Monday, September 06, 2010

China Study Tour: First Impressions

The road from the airport provides a marked contrast to the road from the New Delhi airport in India. For that trip, we shared the road with all manner of conveyances, including oxen, multiple combinations of bicycle usage, pedestrians, and hand-drawn carts. This was a proper highway, with a wide variety of cars.

From the bus windows, I could confirm what I had viewed from the plane, the widespread communist influence in architecture and city design. This is something seen frequently in Eastern Europe: exactly the same ugly high rise apartment building five times in a row. Occasionally, one could also see an exceptionally ugly concrete structure that could only have been built during China’s more austere days.

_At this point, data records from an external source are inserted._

theorem lemma7:
  fixes V :: "'a set" and E :: "'a \<Rightarrow> 'a \<Rightarrow> bool"
  assumes "graph V E" and "connected_graph V E" and "locally_finite V E"
  shows "metric_dim ((UNIV :: int set) \<times> V) (cart_prod_adj path_Z_adj E) = 2
         \<longleftrightarrow> (\<exists>x. V = {x})"
proof
  assume "metric_dim ((UNIV :: int set) \<times> V) (cart_prod_adj path_Z_adj E) = 2"
  then show "\<exists>x. V = {x}"
    using metric_dim_cylinder_nontrivial[OF assms(1,2)] by force
next
  assume "\<exists>x. V = {x}"
  then show "metric_dim ((UNIV :: int set) \<times> V) (cart_prod_adj path_Z_adj E) = 2"
    using metric_dim_cylinder_trivial[OF assms(2)] by blast
qed

end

For the most part, though, China reminds me most of Eastern Europe than any other place I’ve been. They seem to be working as hard as they can to shed their Communist aesthetic and embrace the new cars, bright paint, and shining lights of the typically Western cityscape.

On the way to the Beijing Hotel, I learned that Buick is apparently a prestige brand in China, I saw a number of brands of vehicle, from Peugeot to Audi, to Ford, Jeep, Hyundai, Volkswagen – one could probably find nearly every brand of car imaginable on the highway from the Beijing Airport.

When we arrived at the hotel, we passed Raffles Beijing Hotel, which gave me a momentary pang of remembrance for Singapore. The only place I’d truly felt comfortable and happy there was reading a book in the courtyard of Raffles Hotel, a stately European style hotel named after the Raffles that half the downtown seems to be named after. This Raffles is also stately and European in styling, although not nearly as beautiful or inviting as the Singapore Raffles in terms of the foliage and location of the hotel. The interior of our hotel reminds me of an old lady who has put on a lot of jewels to try to hide that she has gotten old. The rooms increased my opinion that this was, in fact the case. The windows are double paned windows of the style that were in my 100-year-old Austrian apartment building, and the styling is also older. The beds are incredibly firm, and nearly everyone has had problems with a lack of cleanliness in their rooms. Relatively speaking, they’re clean, but a 5-star hotel in the States or Europe would not have flecks on the toilet upon arrival, or questionable still-sticky stains on the carpets. It’s a classic hotel, but not quite as nice as the similarly appointed hotels we stayed at in India.


We took an evening walk to Tian’anmen Square to stay up a little longer and perhaps put off worse affects of jet lag. There are very few street people in Beijing compared to any city in India, even compared to Seattle. All of the street people we did see were selling cheap knick-knacks or playing music, there were no outright beggars that I saw on the way there and back. As I am sure there are many homeless and destitute in Beijing, I conclude that they must have been moved elsewhere.

 After our walk, the group splits up, some to experience the Night Market and see scorpions on a stick, and some decide it’s time to give in and get some sleep. Tomorrow, we travel to the Great Wall.